◆ Work to be completed ◆
Using the data below, output the first line and every line after it up to and including the line containing "using assms(1) by (simp add: cong_iff_dvd_diff", exactly as written and with nothing added.

◆ Entries supplied ◆
lemma graph_iso_sym: "graph_iso G1 G2 \<Longrightarrow> graph_iso G2 G1"
proof -
  assume "graph_iso G1 G2"
  then obtain f where f: "bij_betw f (fst G1) (fst G2)"
    and adj: "\<forall>x\<in>fst G1. \<forall>y\<in>fst G1. snd G1 x y \<longleftrightarrow> snd G2 (f x) (f y)"
    unfolding graph_iso_def by blast
  have "\<forall>x\<in>fst G2. \<forall>y\<in>fst G2. snd G2 x y \<longleftrightarrow> snd G1 (inv_into (fst G1) f x) (inv_into (fst G1) f y)"
    using adj f by (auto simp: bij_betw_def f_inv_into_f inv_into_into)
  then show ?thesis using bij_betw_inv_into[OF f] unfolding graph_iso_def by blast
qed

lemma graph_iso_card_eq: "graph_iso G1 G2 \<Longrightarrow> card (fst G1) = card (fst G2)"
  unfolding graph_iso_def by (metis bij_betw_same_card)

section \<open>Representing \<open>N\<close> as a norm\<close>

lemma coprime_root_shift:
  fixes a n t :: int
  assumes "n dvd a^2 - a + 1" "coprime (t^2 + t + 1) n"
  shows "coprime (a + t) n"
proof -
  have "[t^2 + t + 1 = (a + t) * (1 + t - a)] (mod n)"
    using assms(1) by (simp add: cong_iff_dvd_diff algebra_simps power2_eq_square)
  then show ?thesis using assms(2) cong_imp_coprime by fastforce
qed

lemma odd_of_dvd_root:
  fixes n a :: int
  assumes "n dvd a^2 - a + 1"
  shows "odd n"
proof -
  have "odd (a^2 - a + 1)" by (simp add: power2_eq_square)
  then show ?thesis using assms by (meson dvd_trans)
qed

lemma coprime_3_of_mod_6:
  fixes n :: int
  assumes "n mod 6 = 1"
  shows "coprime 3 n"
proof -
  have "[1 = n] (mod 3)" using assms by (simp add: cong_def) presburger
  then show ?thesis using cong_imp_coprime[of 1 n 3] by (simp add: coprime_commute)
qed

lemma even_ej_norm_imp_4_dvd: "even (ej_norm (u, w)) \<Longrightarrow> 4 dvd ej_norm (u, w)"
  by (auto simp: ej_norm_def power2_eq_square elim!: evenE)

lemma three_dvd_ej_normE:
  assumes "3 dvd ej_norm (u, w)"
  obtains x y where "(u, w) = ej_mult (x, y) (1, 1)"
proof -
  have "ej_norm (u, w) = (u - w)^2 + 3 * (u*w)"
    by (simp add: ej_norm_def algebra_simps power2_eq_square)
  then have "3 dvd (u - w)^2" using assms by (simp add: dvd_add_left_iff)
  then have "3 dvd w - u" using prime_dvd_power[of 3 "u - w" 2]
    by (auto simp: dvd_diff_commute)
  then obtain y where "w = u + 3*y" by (auto elim!: dvdE simp: algebra_simps)
  then have "(u, w) = ej_mult (u + y, y) (1, 1)" by (simp add: ej_mult_def)
  then show ?thesis by (rule that)
qed

text \<open>Thue's lemma: pigeonhole on the \<open>(\<lfloor>\<surd>n\<rfloor> + 1)\<^sup>2 > n\<close> points of a square.\<close>
lemma lattice_vector_norm_le:
  fixes n a :: int
  assumes "n > 0"
  obtains u w where "(u, w) \<noteq> (0, 0)" "n dvd u + w*a" "ej_norm (u, w) \<le> 3*n"
proof -
  define B where "B = int (floor_sqrt (nat n))"
  have B0: "B \<ge> 0" by (simp add: B_def)
  have "int ((floor_sqrt (nat n))^2) \<le> int (nat n)"
    by (simp only: of_nat_le_iff) simp
  then have "B^2 \<le> n" using assms by (simp add: B_def)
  have "int (nat n) < int ((Suc (floor_sqrt (nat n)))^2)"
    by (simp only: of_nat_less_iff) (rule Suc_floor_sqrt_power2_gt)
  then have "n < (B + 1)^2" using assms by (simp add: B_def add.commute)
  define box where "box = {0..B} \<times> {0..B}"
  define g where "g p = (fst p + snd p * a) mod n" for p
  have "card (g ` box) \<le> card {0..<n}"
    by (rule card_mono) (use assms in \<open>auto simp: g_def\<close>)
  also have "\<dots> < card box"
    using B0 \<open>n < (B + 1)^2\<close> by (simp add: box_def nat_mult_distrib power2_eq_square flip: nat_mult_distrib)
  finally obtain p q where pq: "p \<in> box" "q \<in> box" "p \<noteq> q" "g p = g q"
    by (metis inj_on_def card_image less_irrefl)
  define u where "u = fst p - fst q"
  define w where "w = snd p - snd q"
  have uB: "\<bar>u\<bar> \<le> B" and wB: "\<bar>w\<bar> \<le> B" using pq(1,2) by (auto simp: box_def u_def w_def)
  have "u*w \<le> \<bar>u\<bar> * \<bar>w\<bar>" by (simp flip: abs_mult)
  also have "\<dots> \<le> B^2" using uB wB by (simp add: power2_eq_square mult_mono)
  finally have "u*w \<le> B^2" .
  moreover have "u^2 \<le> B^2" "w^2 \<le> B^2"
    using uB wB B0 by (metis abs_le_square_iff abs_of_nonneg)+
  ultimately have "ej_norm (u, w) \<le> 3*n" using \<open>B^2 \<le> n\<close> by (simp add: ej_norm_def)
  moreover have "(u, w) \<noteq> (0, 0)" using pq(3) by (auto simp: u_def w_def prod_eq_iff)
  moreover have "n dvd u + w*a"
    using pq(4) by (simp add: g_def u_def w_def mod_eq_dvd_iff algebra_simps)
  ultimately show ?thesis using that by blast
qed

text \<open>Of the three possible values \<open>N(u + w\<rho>) \<in> {n, 2n, 3n}\<close> of a short lattice vector,
  \<open>2n\<close> is excluded by parity and \<open>3n\<close> is reduced to \<open>n\<close> by dividing out \<open>1 + \<rho>\<close>, of norm 3.\<close>
lemma ej_norm_representation:
  fixes n a :: int
  assumes n: "n > 0" "coprime 3 n" and root: "n dvd a^2 - a + 1"
  obtains c d where "ej_norm (c, d) = n" "n dvd c + d*a"
proof -
  obtain u w where uw: "(u, w) \<noteq> (0, 0)" "n dvd u + w*a" "ej_norm (u, w) \<le> 3*n"
    using lattice_vector_norm_le[OF n(1)] by blast
  obtain j where j: "ej_norm (u, w) = n * j"
    using dvd_ej_norm[OF uw(2) root] by blast
  have "0 < n * j" using ej_norm_pos[OF uw(1)] j by simp
  then have "1 \<le> j" "j \<le> 3" using n(1) uw(3) j by (simp_all add: zero_less_mult_iff)
  then consider "j = 1" | "j = 2" | "j = 3" by linarith
  then show ?thesis
  proof cases
    case 1
    then show ?thesis using that j uw(2) by simp
  next
    case 2
    then have "4 dvd 2 * n" using even_ej_norm_imp_4_dvd[of u w] j by (simp add: mult.commute)
    then show ?thesis using odd_of_dvd_root[OF root] by presburger
  next
    case 3
    then have "3 dvd ej_norm (u, w)" using j by simp
    then obtain x y where xy: "(u, w) = ej_mult (x, y) (1, 1)"
      by (rule three_dvd_ej_normE)
    have "3 * ej_norm (x, y) = 3 * n"
      using j 3 ej_norm_mult[of "(x, y)" "(1, 1)"] by (simp add: xy ej_norm_def mult.commute)
    moreover have "ej_eval a (x, y) * (a + 1) = (u + w*a) + y * (a^2 - a + 1)"
      using ej_eval_mult[of a "(x, y)" "(1, 1)"] by (simp flip: xy add: ej_eval_def algebra_simps)
    then have "n dvd ej_eval a (x, y) * (a + 1)"
      using uw(2) root by simp
    moreover have "coprime (a + 1) n"
      using coprime_root_shift[OF root, of 1] n(2) by simp
    ultimately show ?thesis
      using that by (simp add: coprime_commute coprime_dvd_mult_left_iff ej_eval_def)
  qed
qed

lemma gcd_eq_1_of_ej_norm:
  fixes c d a n :: int
  assumes "ej_norm (c, d) = n" "n > 0" "n dvd c + d*a" "n dvd a^2 - a + 1"
  shows "gcd c d = 1"
proof -
  define g where "g = gcd c d"
  obtain c' d' where cd: "c = g * c'" "d = g * d'"
    unfolding g_def by (meson gcd_dvd1 gcd_dvd2 dvdE)
  define m where "m = ej_norm (c', d')"
  have n: "n = g * (g * m)"
    using assms(1) by (simp add: m_def cd ej_norm_def algebra_simps power2_eq_square)
  then have "g > 0" "m \<noteq> 0" using assms(2) g_def by (auto simp: zero_less_mult_iff)
  have "g * (g * m) dvd g * (c' + d'*a)"
    using assms(3) by (simp add: n cd algebra_simps)
  then have "g * m dvd c' + d'*a" using \<open>g > 0\<close> by simp
  moreover have "g * m dvd a^2 - a + 1" using assms(4) n by (metis dvd_mult_right)
  ultimately have "g * m dvd m" unfolding m_def by (rule dvd_ej_norm)
  then have "g dvd 1" using \<open>m \<noteq> 0\<close> by (metis dvd_mult_cancel_right mult_1)
  then show ?thesis using \<open>g > 0\<close> g_def by simp
qed

text \<open>The root is \<open>a \<equiv> -c/d\<close>, the image of \<open>\<rho>\<close> under \<open>\<int>[\<rho>]/(c + d\<rho>) \<cong> \<int>\<^sub>N\<close>.\<close>
lemma exists_root_of_coprime:
  fixes c d :: int
  assumes "coprime c d" "ej_norm (c, d) = N"
  obtains a where "N dvd c + d*a" "N dvd a^2 - a + 1"
proof -
  have "coprime d N"
  proof (rule coprimeI)
    fix q assume q: "q dvd d" "q dvd N"
    have "c^2 = N - d * (c + d)" using assms(2) by (simp add: ej_norm_def algebra_simps power2_eq_square)
    then have "q dvd c^2" using q by simp
    with q(1) show "is_unit q"
      using assms(1) by (metis coprime_common_divisor coprime_commute coprime_power_right_iff)
  qed
  then obtain w where "[d * w = 1] (mod N)" using cong_solve_coprime_int by blast
  then have dw: "N dvd d*w - 1" by (simp add: cong_iff_dvd_diff)
  define a where "a = - c * w"
  have "c + d*a = (-c) * (d*w - 1)" by (simp add: a_def algebra_simps)
  then have "N dvd c + d*a" using dw by simp
  have "d^2 * (a^2 - a + 1) = ej_norm (c, d) + (d*w - 1) * (c^2 * (d*w + 1) + c*d)"
    by (simp add: a_def ej_norm_def algebra_simps power2_eq_square)
  then have "N dvd d^2 * (a^2 - a + 1)" using dw assms(2) by simp
  then have "N dvd a^2 - a + 1"
    using \<open>coprime d N\<close> by (simp add: coprime_commute coprime_dvd_mult_right_iff)
  with \<open>N dvd c + d*a\<close> show ?thesis by (rule that)
qed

◆ Answer section ◆
lemma graph_iso_sym: "graph_iso G1 G2 \<Longrightarrow> graph_iso G2 G1"
proof -
  assume "graph_iso G1 G2"
  then obtain f where f: "bij_betw f (fst G1) (fst G2)"
    and adj: "\<forall>x\<in>fst G1. \<forall>y\<in>fst G1. snd G1 x y \<longleftrightarrow> snd G2 (f x) (f y)"
    unfolding graph_iso_def by blast
  have "\<forall>x\<in>fst G2. \<forall>y\<in>fst G2. snd G2 x y \<longleftrightarrow> snd G1 (inv_into (fst G1) f x) (inv_into (fst G1) f y)"
    using adj f by (auto simp: bij_betw_def f_inv_into_f inv_into_into)
  then show ?thesis using bij_betw_inv_into[OF f] unfolding graph_iso_def by blast
qed

lemma graph_iso_card_eq: "graph_iso G1 G2 \<Longrightarrow> card (fst G1) = card (fst G2)"
  unfolding graph_iso_def by (metis bij_betw_same_card)

section \<open>Representing \<open>N\<close> as a norm\<close>

lemma coprime_root_shift:
  fixes a n t :: int
  assumes "n dvd a^2 - a + 1" "coprime (t^2 + t + 1) n"
  shows "coprime (a + t) n"
proof -
  have "[t^2 + t + 1 = (a + t) * (1 + t - a)] (mod n)"
    using assms(1) by (simp add: cong_iff_dvd_diff algebra_simps power2_eq_square)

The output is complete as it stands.